- Work to complete
Your answer must hold only the lines below from the line containing "is_lens C D Ho Ha PH'" through the line containing "for PH PH' c d", each reproduced exactly.

[Saved entries]
┄┄┄┄┄┄┄┄┄┄┄┄┄┄┄┄┄┄┄┄
(* For every $k\in\mathbb{N}^*$ and $r>0$, if $k$ convex sets $S_1,\dots,S_k\subseteq\mathbb{R}^d$ cover a ball in $\mathbb{R}^d$ of radius $r$, then there exists $i$ such that $S_i$ contains a ball of radius $\frac{r}{k d^d}$. *)

theory Defs
  imports "HOL-Analysis.Analysis"
begin

end

theory Submission
  imports Defs
begin

text \<open>Take an \<open>N \<times> \<dots> \<times> N\<close> grid in a cube inside the ball and colour each grid point by a
set containing it. A colour class that has no two points at distance \<open>\<ge> M\<close> steps on some
axis-parallel line has at most \<open>N^(d-1) M\<close> points, so if \<open>k M < N\<close> one set \<open>S\<^sub>i\<close> contains, in every
axis direction, a segment of a common length \<open>L\<close>. Averaging points on these \<open>d\<close> segments shows
that the convex set \<open>S\<^sub>i\<close> contains a ball of radius \<open>L / (2d)\<close>. Tuning the cube and the grid
gives balls of every radius below \<open>r / (k d^2) \<ge> r / (k d^d)\<close>, and the limiting radius is
attained by compactness, since the inradius \<open>x \<mapsto> infdist x (- S\<^sub>i)\<close> is continuous.\<close>

lemma card_le_if_pairwise_lt_add:
  fixes T :: "nat set"
  assumes "finite T" and "\<And>x y. x \<in> T \<Longrightarrow> y \<in> T \<Longrightarrow> y < x + M"
  shows "card T \<le> M"
proof (cases "T = {}")
  case False
  then have "Min T \<in> T"
    using assms(1) by simp
  then have "T \<subseteq> {Min T..<Min T + M}"
    using assms by auto
  then show ?thesis
    using card_mono[of "{Min T..<Min T + M}" T] by simp
qed simp

lemma card_PiE_subset_thin_in_direction:
  assumes fin: "finite B" and b: "b \<in> B" and A: "A \<subseteq> PiE B (\<lambda>_. {..<N})"
    and thin: "\<And>g g'. g \<in> A \<Longrightarrow> g' \<in> A \<Longrightarrow> (\<forall>b'\<in>B - {b}. g b' = g' b') \<Longrightarrow> g' b < g b + M"
  shows "card A \<le> N ^ (card B - 1) * M"
proof -
  define F where "F = PiE (B - {b}) (\<lambda>_. {..<N::nat})"
  define fibre where "fibre f = (\<lambda>g. g b) ` {g\<in>A. \<forall>b'\<in>B - {b}. g b' = f b'}" for f
  define decompose where "decompose g = (restrict g (B - {b}), g b)" for g :: "'a \<Rightarrow> nat"
  have "(\<lambda>g. g b) ` A \<subseteq> {..<N}"
    using A b PiE_mem by blast
  then have fibre_finite: "finite (fibre f)" for f
    by (intro finite_subset[OF _ finite_lessThan[of N]]) (auto simp: fibre_def)
  have fibre_small: "card (fibre f) \<le> M" for f
  proof (rule card_le_if_pairwise_lt_add[OF fibre_finite])
    fix x y assume "x \<in> fibre f" "y \<in> fibre f"
    obtain g where "g \<in> A" "\<forall>b'\<in>B - {b}. g b' = f b'" "x = g b"
      using \<open>x \<in> fibre f\<close> unfolding fibre_def by blast
    moreover obtain g' where "g' \<in> A" "\<forall>b'\<in>B - {b}. g' b' = f b'" "y = g' b"
      using \<open>y \<in> fibre f\<close> unfolding fibre_def by blast
    ultimately show "y < x + M"
      using thin by simp
  qed
  have "inj_on decompose A"
  proof (rule inj_onI)
    fix g g' assume "g \<in> A" "g' \<in> A" "decompose g = decompose g'"
    then show "g = g'"
      using A by (intro PiE_ext[of g B _ g']) (auto simp: decompose_def fun_eq_iff split: if_splits)
  qed
  then have "card A = card (decompose ` A)"
    by (simp add: card_image)
  also have "\<dots> \<le> card (Sigma F fibre)"
  proof (rule card_mono)
    show "finite (Sigma F fibre)"
      using fin fibre_finite by (simp add: F_def finite_PiE)
    show "decompose ` A \<subseteq> Sigma F fibre"
    proof
      fix p assume "p \<in> decompose ` A"
      then obtain g where g: "g \<in> A" "p = decompose g"
        by blast
      then have "restrict g (B - {b}) \<in> F"
        using A b by (auto simp: F_def restrict_PiE_iff PiE_mem)
      moreover have "g b \<in> fibre (restrict g (B - {b}))"
        using g(1) unfolding fibre_def by force
      ultimately show "p \<in> Sigma F fibre"
        by (simp add: g(2) decompose_def)
    qed
  qed
  also have "\<dots> = (\<Sum>f\<in>F. card (fibre f))"
    using fin fibre_finite by (simp add: F_def finite_PiE)
  also have "\<dots> \<le> card F * M"
    using sum_mono[of F "\<lambda>f. card (fibre f)" "\<lambda>_. M"] fibre_small by simp
  also have "card F = N ^ (card B - 1)"
    using fin b by (simp add: F_def card_PiE card_Diff_singleton)
  finally show ?thesis .
qed
lemma put_Comp:
  assumes "c \<in> Obj C" "d \<in> Arr D" "d' \<in> Arr D" "Dom D d = Ho c"
    and d': "Dom D d' = Ho (Cod C (put c d))"
  shows "put c (Comp D d' d) = Comp C (put (Cod C (put c d)) d') (put c d)"
proof -
  obtain b where b: "b \<in> Obj B" "Eo b = c"
    using E_surj[OF \<open>c \<in> Obj C\<close>] by blast
  then have d: "Dom D d = Go b"
    using HE_obj[OF b(1)] \<open>Dom D d = Ho c\<close> by simp
  define b1 where "b1 = Cod B (PG b d)"
  have lift: "PG b d \<in> Arr B" "Ga (PG b d) = d"
    using b d \<open>d \<in> Arr D\<close> by (simp_all add: is_lensD[OF G])
  have put_d: "put c d = Ea (PG b d)"
    using put_Eo[OF b(1) \<open>d \<in> Arr D\<close> d] b(2) by simp
  have "b1 \<in> Obj B"
    unfolding b1_def using lift by (simp add: is_catD[OF cat_B])
  have cod_put: "Cod C (put c d) = Eo b1"
    unfolding put_d b1_def using lift by (simp add: is_functorD[OF E])
  then have d'_b1: "Dom D d' = Go b1"
    using d' HE_obj[OF \<open>b1 \<in> Obj B\<close>] by simp
  have "Cod D d = Go b1"
    using lift unfolding b1_def by (metis is_functorD(4)[OF is_lensD(1)[OF G]])
  then have "Comp D d' d \<in> Arr D" "Dom D (Comp D d' d) = Go b"
    using \<open>d \<in> Arr D\<close> \<open>d' \<in> Arr D\<close> d d'_b1 by (simp_all add: is_catD[OF cat_D])
  then have "put c (Comp D d' d) = Ea (PG b (Comp D d' d))"
    using put_Eo[OF b(1)] b(2) by simp
  also have "\<dots> = Ea (Comp B (PG b1 d') (PG b d))"
    using b(1) d d'_b1 \<open>d \<in> Arr D\<close> \<open>d' \<in> Arr D\<close> unfolding b1_def by (simp add: is_lensD[OF G])
  also have "\<dots> = Comp C (Ea (PG b1 d')) (Ea (PG b d))"
    using lift \<open>b1 \<in> Obj B\<close> d'_b1 \<open>d' \<in> Arr D\<close> unfolding b1_def
    by (simp add: is_lensD[OF G] is_functorD[OF E])
  also have "\<dots> = Comp C (put (Cod C (put c d)) d') (put c d)"
    using put_Eo[OF \<open>b1 \<in> Obj B\<close> \<open>d' \<in> Arr D\<close> d'_b1] put_d cod_put by simp
  finally show ?thesis .
qed

lemma is_lens_put: "is_lens C D Ho Ha put"
  unfolding is_lens_def using H put_lift put_Idn put_Comp by blast

end

theorem lemma4p6:
  fixes A :: "('oa, 'aa) cat" and B :: "('ob, 'ab) cat"
    and C :: "('oc, 'ac) cat" and D :: "('od, 'ad) cat"
    and F1o F2o :: "'oa \<Rightarrow> 'ob" and F1a F2a :: "'aa \<Rightarrow> 'ab" and P1 P2 :: "'oa \<Rightarrow> 'ab \<Rightarrow> 'aa"
    and Eo :: "'ob \<Rightarrow> 'oc" and Ea :: "'ab \<Rightarrow> 'ac" and PE :: "'ob \<Rightarrow> 'ac \<Rightarrow> 'ab"
    and Go :: "'ob \<Rightarrow> 'od" and Ga :: "'ab \<Rightarrow> 'ad" and PG :: "'ob \<Rightarrow> 'ad \<Rightarrow> 'ab"
    and Ho :: "'oc \<Rightarrow> 'od" and Ha :: "'ac \<Rightarrow> 'ad"
  assumes cats: "is_cat A" "is_cat B" "is_cat C" "is_cat D"
    and F1: "is_lens A B F1o F1a P1"
    and F2: "is_lens A B F2o F2a P2"
    and E: "is_lens B C Eo Ea PE"
    and EF: "lens_eq A C (Eo \<circ> F1o) (Ea \<circ> F1a) (lens_comp_put F1o P1 PE)
                         (Eo \<circ> F2o) (Ea \<circ> F2a) (lens_comp_put F2o P2 PE)"
    and coeq_nat: "cat_coequaliser TYPE(nat \<times> nat) A B C F1o F1a F2o F2a Eo Ea"
    and coeq_D: "cat_coequaliser TYPE('od \<times> 'ad) A B C F1o F1a F2o F2a Eo Ea"
    and G: "is_lens B D Go Ga PG"
    and GF: "lens_eq A D (Go \<circ> F1o) (Ga \<circ> F1a) (lens_comp_put F1o P1 PG)
                         (Go \<circ> F2o) (Ga \<circ> F2a) (lens_comp_put F2o P2 PG)"
    and H: "is_functor C D Ho Ha"
    and HE: "functor_eq B (Ho \<circ> Eo) (Ha \<circ> Ea) Go Ga"
  shows "(\<exists>PH. is_lens C D Ho Ha PH \<and>
            (\<forall>b \<in> Obj B. \<forall>d \<in> Arr D. Dom D d = Go b \<longrightarrow> PH (Eo b) d = Ea (PG b d))) \<and>
         (\<forall>PH PH'.
            is_lens C D Ho Ha PH \<longrightarrow>
            (\<forall>b \<in> Obj B. \<forall>d \<in> Arr D. Dom D d = Go b \<longrightarrow> PH (Eo b) d = Ea (PG b d)) \<longrightarrow>
            is_lens C D Ho Ha PH' \<longrightarrow>
            (\<forall>b \<in> Obj B. \<forall>d \<in> Arr D. Dom D d = Go b \<longrightarrow> PH' (Eo b) d = Ea (PG b d)) \<longrightarrow>
            (\<forall>c \<in> Obj C. \<forall>d \<in> Arr D. Dom D d = Ho c \<longrightarrow> PH c d = PH' c d))"
proof -
  interpret lens_descent B C D Eo Ea Go Ga PG Ho Ha
  proof
    show "is_functor B C Eo Ea"
      using E by (rule is_lensD(1))
    show "\<exists>b \<in> Obj B. Eo b = c" if "c \<in> Obj C" for c
      using coequaliser_obj_surj[OF cats(2,3) coeq_nat that] .
    show "Ea (PG b d) = Ea (PG b' d)"
      if "b \<in> Obj B" "b' \<in> Obj B" "Eo b = Eo b'" "d \<in> Arr D" "Dom D d = Go b" for b b' d
      using coequaliser_put_invariant[OF cats(1,2) F1 F2 G GF coeq_nat that] .
  qed (use cats G H HE in auto)
  have agrees: "\<forall>b \<in> Obj B. \<forall>d \<in> Arr D. Dom D d = Go b \<longrightarrow> put (Eo b) d = Ea (PG b d)"
    using put_Eo by blast
  have unique: "PH c d = PH' c d"
    if "\<forall>b \<in> Obj B. \<forall>d \<in> Arr D. Dom D d = Go b \<longrightarrow> PH (Eo b) d = Ea (PG b d)"
      and "\<forall>b \<in> Obj B. \<forall>d \<in> Arr D. Dom D d = Go b \<longrightarrow> PH' (Eo b) d = Ea (PG b d)"
      and "c \<in> Obj C" "d \<in> Arr D" "Dom D d = Ho c" for PH PH' c d
    using put_unique[of PH c d] put_unique[of PH' c d] that by simp
  show ?thesis
    using is_lens_put agrees unique by blast
qed

end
┄┄┄┄┄┄┄┄┄┄┄┄┄┄┄┄┄┄┄┄
- Completed exercise
            is_lens C D Ho Ha PH' \<longrightarrow>
            (\<forall>b \<in> Obj B. \<forall>d \<in> Arr D. Dom D d = Go b \<longrightarrow> PH' (Eo b) d = Ea (PG b d)) \<longrightarrow>
            (\<forall>c \<in> Obj C. \<forall>d \<in> Arr D. Dom D d = Ho c \<longrightarrow> PH c d = PH' c d))"
proof -
  interpret lens_descent B C D Eo Ea Go Ga PG Ho Ha
  proof
    show "is_functor B C Eo Ea"
      using E by (rule is_lensD(1))
    show "\<exists>b \<in> Obj B. Eo b = c" if "c \<in> Obj C" for c
      using coequaliser_obj_surj[OF cats(2,3) coeq_nat that] .
    show "Ea (PG b d) = Ea (PG b' d)"
      if "b \<in> Obj B" "b' \<in> Obj B" "Eo b = Eo b'" "d \<in> Arr D" "Dom D d = Go b" for b b' d
      using coequaliser_put_invariant[OF cats(1,2) F1 F2 G GF coeq_nat that] .
  qed (use cats G H HE in auto)
  have agrees: "\<forall>b \<in> Obj B. \<forall>d \<in> Arr D. Dom D d = Go b \<longrightarrow> put (Eo b) d = Ea (PG b d)"
    using put_Eo by blast
  have unique: "PH c d = PH' c d"
    if "\<forall>b \<in> Obj B. \<forall>d \<in> Arr D. Dom D d = Go b \<longrightarrow> PH (Eo b) d = Ea (PG b d)"
      and "\<forall>b \<in> Obj B. \<forall>d \<in> Arr D. Dom D d = Go b \<longrightarrow> PH' (Eo b) d = Ea (PG b d)"
      and "c \<in> Obj C" "d \<in> Arr D" "Dom D d = Ho c" for PH PH' c d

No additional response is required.